→ Work instruction
What is the number of lines in the data that contain "assumes"? Nothing besides that number, please.

^^^^^^^^

lemma laplacian_eq_path_laplacian_1:
  assumes "i < N" "j < N"
  shows "laplacian N E $$ (i,j) = path_laplacian N E 1 $$ (i,j)"
proof -
  have "{k. k < N \<and> E i k} = {k. k < N \<and> k \<noteq> i \<and> gdist N E i k = 1}"
    using gdist_eq_1_iff[OF assms(1)] edge_irrefl by blast
  then show ?thesis
    using assms gdist_eq_1_iff[OF assms]
    by (cases "i = j") (simp_all add: laplacian_def path_laplacian_def)
qed

lemma laplacian_eq_weighted:
  "weighted_path_laplacian N E (\<lambda>d. if d = 1 then 1 else 0) = laplacian N E"
proof (rule eq_matI)
  fix i j assume "i < dim_row (laplacian N E)" "j < dim_col (laplacian N E)"
  then have ij: "i < N" "j < N" by (auto simp: laplacian_def)
  have "(\<Sum>d = 1..diameter N E. (if d = 1 then 1 else 0) * path_laplacian N E d $$ (i,j))
      = (\<Sum>d = 1..diameter N E. if d = 1 then path_laplacian N E d $$ (i,j) else 0)"
    by (intro sum.cong) auto
  also have "\<dots> = path_laplacian N E 1 $$ (i,j)"
    using diameter_pos by (simp add: sum.delta)
  finally have "(\<Sum>d = 1..diameter N E. (if d = 1 then 1 else 0) * path_laplacian N E d $$ (i,j))
      = path_laplacian N E 1 $$ (i,j)" .
  then show "weighted_path_laplacian N E (\<lambda>d. if d = 1 then 1 else 0) $$ (i,j) = laplacian N E $$ (i,j)"
    using ij by (simp add: index_weighted_path_laplacian laplacian_eq_path_laplacian_1)
qed (auto simp: laplacian_def weighted_path_laplacian_def)

lemma laplace_laplacian_eq_weighted:
  "laplace_laplacian N E lam = weighted_path_laplacian N E (\<lambda>d. if d = 1 then 1 else exp (- lam * real d))"
proof (rule eq_matI)
  fix i j assume "i < dim_row (weighted_path_laplacian N E (\<lambda>d. if d = 1 then 1 else exp (- lam * real d)))"
    "j < dim_col (weighted_path_laplacian N E (\<lambda>d. if d = 1 then 1 else exp (- lam * real d)))"
  then have ij: "i < N" "j < N" by (auto simp: weighted_path_laplacian_def)
  have "(\<Sum>d = 1..diameter N E. (if d = 1 then 1 else exp (- lam * real d)) * path_laplacian N E d $$ (i,j))
      = path_laplacian N E 1 $$ (i,j) + (\<Sum>d = 2..diameter N E. exp (- lam * real d) * path_laplacian N E d $$ (i,j))"
    using diameter_pos by (simp add: sum.atLeast_Suc_atMost numeral_2_eq_2)
  then show "laplace_laplacian N E lam $$ (i,j) =
      weighted_path_laplacian N E (\<lambda>d. if d = 1 then 1 else exp (- lam * real d)) $$ (i,j)"
    using ij by (simp add: laplace_laplacian_def index_weighted_path_laplacian laplacian_eq_path_laplacian_1)
qed (auto simp: laplace_laplacian_def weighted_path_laplacian_def)
(* Let $L=L_\Delta=\lceil\gamma_{\mathrm{paths}}c_{1,\mathrm{paths}}\log(c_{2,\mathrm{paths}}\Delta^{-1})\rceil$ with constants $\gamma_{\mathrm{paths}}>0$, $c_{2,\mathrm{paths}}>0$, and $c_{1,\mathrm{paths}}>c^*_{\mathrm{paths}}(Q,D):=\frac23+\frac83\sum_{|\mathbf j|_1\le Q}\prod_{d=1}^D(2j_d+1)$, and let $\tau\in\big(0,1-(c^*_{\mathrm{paths}}(Q,D)/c_{1,\mathrm{paths}})^{1/2}\big)$. Then there is $\Delta_0>0$ such that for every $\Delta\le\Delta_0$, $\epsilon_\Delta:=1-\tau/\lambda_{\min,\Delta}\in(0,1-\tau/2]$ and $$2K\exp\Big\{-\frac{3\epsilon_\Delta^2L}{6m_\Delta\lambda_{\max,\Delta}/\lambda_{\min,\Delta}^2+2\epsilon_\Delta(m_\Delta/\lambda_{\min,\Delta}+\lambda_{\max,\Delta}/\lambda_{\min,\Delta})}\Big\}\le\frac{2\binom{D+Q}{D}}{c_{2,\mathrm{paths}}^{\gamma_{\mathrm{paths}}}}\Delta^{\gamma_{\mathrm{paths}}}.$$
   Context: $b:\mathbb{R}^D\to\mathbb{R}^D$, $\sigma:\mathbb{R}^D\to\mathbb{R}^{D\times D}$ measurable with $\sup_u(|b(u)|_2+\|\sigma(u)\|_2)\le C_{b,\sigma}$. For $\Delta>0$: $h=c_{\mathrm{cube}}\Delta^{\gamma_{\mathrm{cube}}}$ with $c_{\mathrm{cube}}>0$, $0<\gamma_{\mathrm{cube}}<1/2$; $r_2=\sqrt{2\log(c_{2,\mathrm{trunc}}\Delta^{-\gamma_{2,\mathrm{trunc}}}\log(\Delta^{-1}))}$ with $c_{2,\mathrm{trunc}},\gamma_{2,\mathrm{trunc}}>0$; $[x]_r$ is componentwise truncation to $[-r,r]$. Fix $a_0\in\mathbb{R}^D$, let $U_h$ be uniform on $a_0+(-h/2,h/2]^D$, $\xi$ a $D$-dim standard normal vector independent of $U_h$, and $\tilde X_\Delta=U_h+b(U_h)\Delta+\sigma(U_h)\sqrt\Delta[\xi]_{r_2}$. $\mathcal{L}_q$ is the Legendre polynomial of degree $q$ with $\mathcal{L}_q(1)=1$, $p_{\mathbf j}(x)=\prod_d\sqrt{2j_d+1}\mathcal{L}_{j_d}(x_d)$; for fixed $Q\in\mathbb{N}_0$, $\eta_1,\dots,\eta_K$ ($K=\binom{D+Q}{D}$) is a fixed ordering of $x\mapsto p_{\mathbf j}((x-a_0)/(h/2))$, $|\mathbf j|_1\le Q$. $R_\Delta=(E[\eta_k(\tilde X_\Delta)\eta_\kappa(\tilde X_\Delta)])_{k,\kappa}$, $\lambda_{\min,\Delta}=\lambda_{\min}(R_\Delta)$, $\lambda_{\max,\Delta}=\lambda_{\max}(R_\Delta)$, $m_\Delta=\sup_{x\in\operatorname{supp}(\tilde X_\Delta)}\sum_{k=1}^K|\eta_k(x)|^2$. *)

theory Defs
  imports "HOL-Probability.Probability"
begin
(* Fix $\lambda>0$. Suppose Assumptions (NC) and (B) hold, $\mathbb H\subseteq L_2(W,A,X)$ and a class $\mathbb Q$ with $\pi\mathbb Q\subseteq L_2(Z,A,X)$ satisfy $\mathbb H_0^{\mathrm{obs}}\cap\mathbb H\ne\emptyset$ and $\mathbb Q_0^{\mathrm{obs}}\cap\mathbb Q\ne\emptyset$, and $\mathbb Q'\subseteq L_2(Z,A,X)$, $\mathbb H'\subseteq L_2(W,A,X)$ are star-shaped and satisfy $P_z(\mathbb H-\mathbb H_0^{\mathrm{obs}})\subseteq\mathbb Q'$ and $\pi P_w(\mathbb Q-\mathbb Q_0^{\mathrm{obs}})\subseteq\mathbb H'$. Then $$\mathbb H_0^{\mathrm{obs}}\cap\mathbb H=\operatorname*{argmin}_{h\in\mathbb H}\sup_{q\in\mathbb Q'}\Big\{\mathbb E[q(Z,A,X)(h(W,A,X)-Y)]-\lambda\|q\|_2^2\Big\},$$ $$\mathbb Q_0^{\mathrm{obs}}\cap\mathbb Q=\operatorname*{argmin}_{q\in\mathbb Q}\sup_{h\in\mathbb H'}\Big\{\mathbb E[\pi(A\mid X)q(Z,A,X)h(W,A,X)-(\mathcal T h)(W,X)]-\lambda\|h\|_2^2\Big\}.$$ Moreover, when $\lambda=1/2$ the same conclusions hold without assuming $\mathbb Q',\mathbb H'$ are star-shaped.
   Context: Setup: random variables $(U,X,A,Z,W,Y)$ with $X$ observed covariates, $A\in\mathcal A$ an action ($\mathcal A$ carries a base measure $\mu$), $Z$ a negative control action, $W$ a negative control outcome, $Y$ real outcome, $U$ an unobserved confounder. Potential outcomes $Y(a),Y(a,z),W(a,z)$. $\pi(a\mid x)$ is a given real contrast function. $f(a\mid u,x)$, $f(a\mid w,x)$ are the conditional densities w.r.t. $\mu$ of $A$ given $(U,X)$ and given $(W,X)$. Assumption (NC): (i) $Y=Y(A,Z)$, $W=W(A,Z)$; (ii) $Y(a,z)=Y(a)$; (iii) $W(a,z)=W$; (iv) $(Z,A)\perp(Y(a),W)\mid(U,X)$ for all $a$; (v) $|\pi(a\mid x)/f(a\mid x,u)|<\infty$ for all $a,x,u$. Bridge sets: $\mathbb H_0=\{h\in L_2(W,A,X):\mathbb E[Y-h\mid A,U,X]=0\}$, $\mathbb Q_0=\{q:\pi q\in L_2(Z,A,X),\ \mathbb E[\pi(A\mid X)(q(Z,A,X)-1/f(A\mid U,X))\mid A,U,X]=0\}$ with $(\pi q)(z,a,x)=\pi(a\mid x)q(z,a,x)$; observed bridge sets $\mathbb H_0^{\mathrm{obs}}=\{h\in L_2(W,A,X):\mathbb E[Y-h(W,A,X)\mid Z,A,X]=0\}$, $\mathbb Q_0^{\mathrm{obs}}=\{q:\pi q\in L_2(Z,A,X),\ \mathbb E[\pi(A\mid X)(q(Z,A,X)-1/f(A\mid W,X))\mid W,A,X]=0\}$. Assumption (B): $\mathbb H_0\ne\emptyset$, $\mathbb Q_0\ne\emptyset$. $(\mathcal T h)(w,x)=\int h(w,a,x)\pi(a\mid x)d\mu(a)$. $P_z h=\mathbb E[h(W,A,X)\mid Z,A,X]$, $P_w q=\mathbb E[q(Z,A,X)\mid W,A,X]$; $P_z(\mathbb H-\mathbb H_0^{\mathrm{obs}})=\{P_z(h-h_0):h\in\mathbb H,h_0\in\mathbb H_0^{\mathrm{obs}}\}$, $\pi P_w(\mathbb Q-\mathbb Q_0^{\mathrm{obs}})=\{P_w(\pi q-\pi q_0):q\in\mathbb Q,q_0\in\mathbb Q_0^{\mathrm{obs}}\}$. A set $S$ is star-shaped if $\alpha s\in S$ for all $s\in S$, $\alpha\in[0,1]$. $\|\cdot\|_2$ is the $L_2$ norm under the data distribution. *)

theory Defs
  imports "HOL-Probability.Probability"
begin

definition sig :: "'o measure \<Rightarrow> ('o \<Rightarrow> 'b) \<Rightarrow> 'b measure \<Rightarrow> 'o measure" where
  "sig M V N = vimage_algebra (space M) V N"

definition cexp :: "'o measure \<Rightarrow> ('o \<Rightarrow> 'b) \<Rightarrow> 'b measure \<Rightarrow> ('o \<Rightarrow> real) \<Rightarrow> 'o \<Rightarrow> real" where
  "cexp M V N f = real_cond_exp M (sig M V N) f"

definition L2 :: "'o measure \<Rightarrow> ('o \<Rightarrow> 'b) \<Rightarrow> 'b measure \<Rightarrow> ('b \<Rightarrow> real) set" where
  "L2 M V N = {g. g \<in> borel_measurable N \<and> integrable M (\<lambda>\<omega>. (g (V \<omega>))\<^sup>2)}"

definition cond_indep ::
  "'o measure \<Rightarrow> ('o \<Rightarrow> 'b) \<Rightarrow> 'b measure \<Rightarrow> ('o \<Rightarrow> 'c) \<Rightarrow> 'c measure
     \<Rightarrow> ('o \<Rightarrow> 'd) \<Rightarrow> 'd measure \<Rightarrow> bool" where
  "cond_indep M S NS T NT V NV \<longleftrightarrow>
     (\<forall>B\<in>sets NS. \<forall>C\<in>sets NT. AE \<omega> in M.
        cexp M V NV (\<lambda>\<omega>. indicator B (S \<omega>) * indicator C (T \<omega>)) \<omega>
        = cexp M V NV (\<lambda>\<omega>. indicator B (S \<omega>)) \<omega> * cexp M V NV (\<lambda>\<omega>. indicator C (T \<omega>)) \<omega>)"
(* Let $\mathcal U=\{(\alpha,d): \alpha\in(0,1),\ d\in\mathcal D_\alpha\}$. Then $\mathcal U$ is a biconvex set (each slice $\{d:(\alpha,d)\in\mathcal U\}$ for fixed $\alpha$ and each slice $\{\alpha:(\alpha,d)\in\mathcal U\}$ for fixed $d$ is convex), $f_0^*>0$ on $\mathcal U$, and $\ln f_0^*$ is strictly biconcave on $\mathcal U$: for each fixed $\alpha$, $d\mapsto \ln f_0^*(\alpha,d)$ is strictly concave on its slice, and for each fixed $d$, $\alpha\mapsto \ln f_0^*(\alpha,d)$ is strictly concave on its slice.
   Context: All parameters $s_{\rm in},\gamma,\beta,\varphi_{\max},k_s,\rho_{\max},k_v,q_{\min},\mu_{\max}$ are strictly positive. $\varphi(s)=\frac{\varphi_{\max}s}{k_s+s}$, $\rho(v)=\frac{\rho_{\max}v}{k_v+v}$, $\mu(q)=\mu_{\max}(1-q_{\min}/q)$, with inverses $\varphi^{-1}:[0,\varphi_{\max})\to[0,\infty)$, $\mu^{-1}:[0,\mu_{\max})\to[q_{\min},\infty)$, $\rho^{-1}:[0,\rho_{\max})\to[0,\infty)$. $\psi_{\max}=\frac{\mu_{\max}\rho_{\max}}{\rho_{\max}+q_{\min}\mu_{\max}}$, $\psi^{-1}(y)=\rho^{-1}(y\,\mu^{-1}(y))$ for $y\in[0,\psi_{\max})$. For $\alpha\in(0,1)$: $\psi_\alpha^{-1}(d)=\varphi^{-1}(d/(1-\alpha))+\psi^{-1}(d)/(\alpha\beta\gamma)$ and $\mathcal{D}_\alpha=\{d\in(0,\min\{(1-\alpha)\varphi_{\max},\psi_{\max}\}): \psi_\alpha^{-1}(d)<s_{\rm in}\}$. $f_0^*(\alpha,d)=\frac{d\,(v_{\rm in}^*(\alpha,d)-\psi^{-1}(d))}{\mu^{-1}(d)}$ with $v_{\rm in}^*(\alpha,d)=\alpha\beta\gamma\big(s_{\rm in}-\varphi^{-1}(d/(1-\alpha))\big)$. *)

theory Defs
  imports "HOL-Analysis.Analysis"
begin

definition strictly_concave_on :: "real set \<Rightarrow> (real \<Rightarrow> real) \<Rightarrow> bool" where
  "strictly_concave_on S f \<longleftrightarrow> convex S \<and>
     (\<forall>x\<in>S. \<forall>y\<in>S. x \<noteq> y \<longrightarrow> (\<forall>u::real. 0 < u \<and> u < 1 \<longrightarrow>
        f ((1 - u) * x + u * y) > (1 - u) * f x + u * f y))"

definition phi :: "real \<Rightarrow> real \<Rightarrow> real \<Rightarrow> real" where
  "phi phimax ks s = phimax * s / (ks + s)"

definition rho :: "real \<Rightarrow> real \<Rightarrow> real \<Rightarrow> real" where
  "rho rhomax kv v = rhomax * v / (kv + v)"

definition mu :: "real \<Rightarrow> real \<Rightarrow> real \<Rightarrow> real" where
  "mu mumax qmin q = mumax * (1 - qmin / q)"

text \<open>Inverses: phi^{-1} : [0,phimax) -> [0,inf), mu^{-1} : [0,mumax) -> [qmin,inf),
  rho^{-1} : [0,rhomax) -> [0,inf).\<close>
definition phi_inv :: "real \<Rightarrow> real \<Rightarrow> real \<Rightarrow> real" where
  "phi_inv phimax ks y = the_inv_into {0..} (phi phimax ks) y"

definition rho_inv :: "real \<Rightarrow> real \<Rightarrow> real \<Rightarrow> real" where
  "rho_inv rhomax kv y = the_inv_into {0..} (rho rhomax kv) y"

definition mu_inv :: "real \<Rightarrow> real \<Rightarrow> real \<Rightarrow> real" where
  "mu_inv mumax qmin y = the_inv_into {qmin..} (mu mumax qmin) y"

definition psi_max :: "real \<Rightarrow> real \<Rightarrow> real \<Rightarrow> real" where
  "psi_max mumax rhomax qmin = mumax * rhomax / (rhomax + qmin * mumax)"

definition psi_inv :: "real \<Rightarrow> real \<Rightarrow> real \<Rightarrow> real \<Rightarrow> real \<Rightarrow> real" where
  "psi_inv rhomax kv mumax qmin y = rho_inv rhomax kv (y * mu_inv mumax qmin y)"

definition psi_alpha_inv ::
  "real \<Rightarrow> real \<Rightarrow> real \<Rightarrow> real \<Rightarrow> real \<Rightarrow> real \<Rightarrow> real \<Rightarrow> real \<Rightarrow> real \<Rightarrow> real \<Rightarrow> real" where
  "psi_alpha_inv gamma beta phimax ks rhomax kv qmin mumax \<alpha> d =
     phi_inv phimax ks (d / (1 - \<alpha>)) + psi_inv rhomax kv mumax qmin d / (\<alpha> * beta * gamma)"

definition D_alpha ::
  "real \<Rightarrow> real \<Rightarrow> real \<Rightarrow> real \<Rightarrow> real \<Rightarrow> real \<Rightarrow> real \<Rightarrow> real \<Rightarrow> real \<Rightarrow> real \<Rightarrow> real set" where
  "D_alpha s_in gamma beta phimax ks rhomax kv qmin mumax \<alpha> =
     {d. 0 < d \<and> d < min ((1 - \<alpha>) * phimax) (psi_max mumax rhomax qmin) \<and>
         psi_alpha_inv gamma beta phimax ks rhomax kv qmin mumax \<alpha> d < s_in}"

definition v_in_star ::
  "real \<Rightarrow> real \<Rightarrow> real \<Rightarrow> real \<Rightarrow> real \<Rightarrow> real \<Rightarrow> real \<Rightarrow> real" where
  "v_in_star s_in gamma beta phimax ks \<alpha> d =
     \<alpha> * beta * gamma * (s_in - phi_inv phimax ks (d / (1 - \<alpha>)))"

definition f0_star ::
  "real \<Rightarrow> real \<Rightarrow> real \<Rightarrow> real \<Rightarrow> real \<Rightarrow> real \<Rightarrow> real \<Rightarrow> real \<Rightarrow> real \<Rightarrow> real \<Rightarrow> real \<Rightarrow> real" where
  "f0_star s_in gamma beta phimax ks rhomax kv qmin mumax \<alpha> d =
     d * (v_in_star s_in gamma beta phimax ks \<alpha> d - psi_inv rhomax kv mumax qmin d)
       / mu_inv mumax qmin d"
lemma pfun_Suc_add:
  assumes "\<forall>i<Suc r. a i > 0"
  shows "pfun (Suc r) a (n + a r) = pfun (Suc r) a n + pfun r a (n + a r)"
proof -
  let ?A = "partitions (Suc r) a (n + a r)"
  have sum_upd: "(\<Sum>i<Suc r. a i * (x(r := v)) i) = (\<Sum>i<r. a i * x i) + a r * v" for x v
  proof -
    have "(\<Sum>i<r. a i * (x(r := v)) i) = (\<Sum>i<r. a i * x i)" by (intro sum.cong) auto
    then show ?thesis by simp
  qed
  have no_last_part: "{x \<in> ?A. x r = 0} = partitions r a (n + a r)"
    by (auto simp: partitions_def) (metis le_antisym not_less_eq_eq)
  have "bij_betw (\<lambda>x. x(r := x r - 1)) {x \<in> ?A. x r \<noteq> 0} (partitions (Suc r) a n)"
  proof (rule bij_betw_byWitness[where f' = "\<lambda>y. y(r := Suc (y r))"])
    show "(\<lambda>x. x(r := x r - 1)) ` {x \<in> ?A. x r \<noteq> 0} \<subseteq> partitions (Suc r) a n"
    proof (rule image_subsetI)
      fix x assume "x \<in> {x \<in> ?A. x r \<noteq> 0}"
      then have x: "x \<in> ?A" "x r \<noteq> 0" by auto
      have "a r * (x r - 1) + a r = a r * x r" using x(2) by (cases "x r") auto
      then have "(\<Sum>i<Suc r. a i * (x(r := x r - 1)) i) + a r = (\<Sum>i<Suc r. a i * x i)"
        using sum_upd[of x "x r - 1"] sum_upd[of x "x r"] by simp
      then show "x(r := x r - 1) \<in> partitions (Suc r) a n"
        using x(1) by (simp add: partitions_def)
    qed
    show "(\<lambda>y. y(r := Suc (y r))) ` partitions (Suc r) a n \<subseteq> {x \<in> ?A. x r \<noteq> 0}"
      by (auto simp: partitions_def sum_upd)
  qed (auto simp: fun_eq_iff)
  then have "card {x \<in> ?A. x r \<noteq> 0} = pfun (Suc r) a n"
    by (simp add: bij_betw_same_card pfun_eq_card_partitions)
  moreover have "card ?A = card ({x \<in> ?A. x r = 0} \<union> {x \<in> ?A. x r \<noteq> 0})"
    by (rule arg_cong[where f = card]) auto
  then have "card ?A = card {x \<in> ?A. x r = 0} + card {x \<in> ?A. x r \<noteq> 0}"
    using finite_partitions[OF assms] by (simp add: card_Un_disjoint disjoint_iff)
  ultimately show ?thesis by (simp add: pfun_eq_card_partitions no_last_part)
qed

definition fwd_diff :: "(nat \<Rightarrow> 'a::ab_group_add) \<Rightarrow> nat \<Rightarrow> 'a" where
  "fwd_diff f n = f (Suc n) - f n"

lemma fwd_diff_funpow_shift: "(fwd_diff ^^ t) (\<lambda>n. f (n + s)) = (\<lambda>n. (fwd_diff ^^ t) f (n + s))"
  by (induction t) (simp_all add: fwd_diff_def)

lemma fwd_diff_funpow_sum:
  "(fwd_diff ^^ t) (\<lambda>n. \<Sum>s\<in>S. f s n) = (\<lambda>n. \<Sum>s\<in>S. (fwd_diff ^^ t) (f s) n)"
  by (induction t) (simp_all add: fwd_diff_def fun_eq_iff sum_subtractf)

lemma fwd_diff_funpow_zero: "(fwd_diff ^^ t) (\<lambda>_. 0) = (\<lambda>_. 0 :: 'a::ab_group_add)"
  by (induction t) (simp_all add: fwd_diff_def)

lemma newton_forward_formula:
  fixes f :: "nat \<Rightarrow> 'a::comm_ring_1"
  shows "f k = (\<Sum>t\<le>k. of_nat (k choose t) * (fwd_diff ^^ t) f 0)"
proof (induction k arbitrary: f)
  case 0
  then show ?case by simp
next
  case (Suc k)
  define A where "A t = (fwd_diff ^^ t) f 0" for t
  have shift: "(fwd_diff ^^ t) (\<lambda>n. f (Suc n)) 0 = A t + A (Suc t)" for t
    using fwd_diff_funpow_shift[of t f 1] by (simp add: A_def fwd_diff_def fun_eq_iff)
  have "f (Suc k) = (\<Sum>t\<le>k. of_nat (k choose t) * (A t + A (Suc t)))"
    using Suc[of "\<lambda>n. f (Suc n)"] by (simp add: shift)
  also have "\<dots> = (\<Sum>t\<le>Suc k. of_nat (k choose t) * A t)
                   + (\<Sum>t\<le>k. of_nat (k choose t) * A (Suc t))"
    by (simp add: distrib_left sum.distrib binomial_eq_0)
  also have "(\<Sum>t\<le>Suc k. of_nat (k choose t) * A t)
               = A 0 + (\<Sum>t\<le>k. of_nat (k choose Suc t) * A (Suc t))"
    by (subst sum.atMost_Suc_shift) simp
  also have "A 0 + (\<Sum>t\<le>k. of_nat (k choose Suc t) * A (Suc t))
               + (\<Sum>t\<le>k. of_nat (k choose t) * A (Suc t))
             = (\<Sum>t\<le>Suc k. of_nat (Suc k choose t) * A t)"
    by (simp only: sum.atMost_Suc_shift[where n = k]) (simp add: sum.distrib[symmetric] algebra_simps)
  finally show ?case by (simp add: A_def)
qed

definition binomial_poly :: "nat \<Rightarrow> 'a::field_char_0 poly" where
  "binomial_poly t = smult (1 / fact t) (\<Prod>i<t. [:- of_nat i, 1:])"

lemma poly_binomial_poly: "poly (binomial_poly t) (of_nat k) = of_nat (k choose t)"
proof -
  have "poly (binomial_poly t) (of_nat k) = (\<Prod>i = 0..<t. of_nat k - of_nat i) / fact t"
    by (simp add: binomial_poly_def poly_prod atLeast0LessThan)
  also have "\<dots> = of_nat k gchoose t"
    by (simp add: gbinomial_mult_fact'[symmetric])
  finally show ?thesis by (simp add: binomial_gbinomial)
qed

^^^^^^^^

→ Answer area
2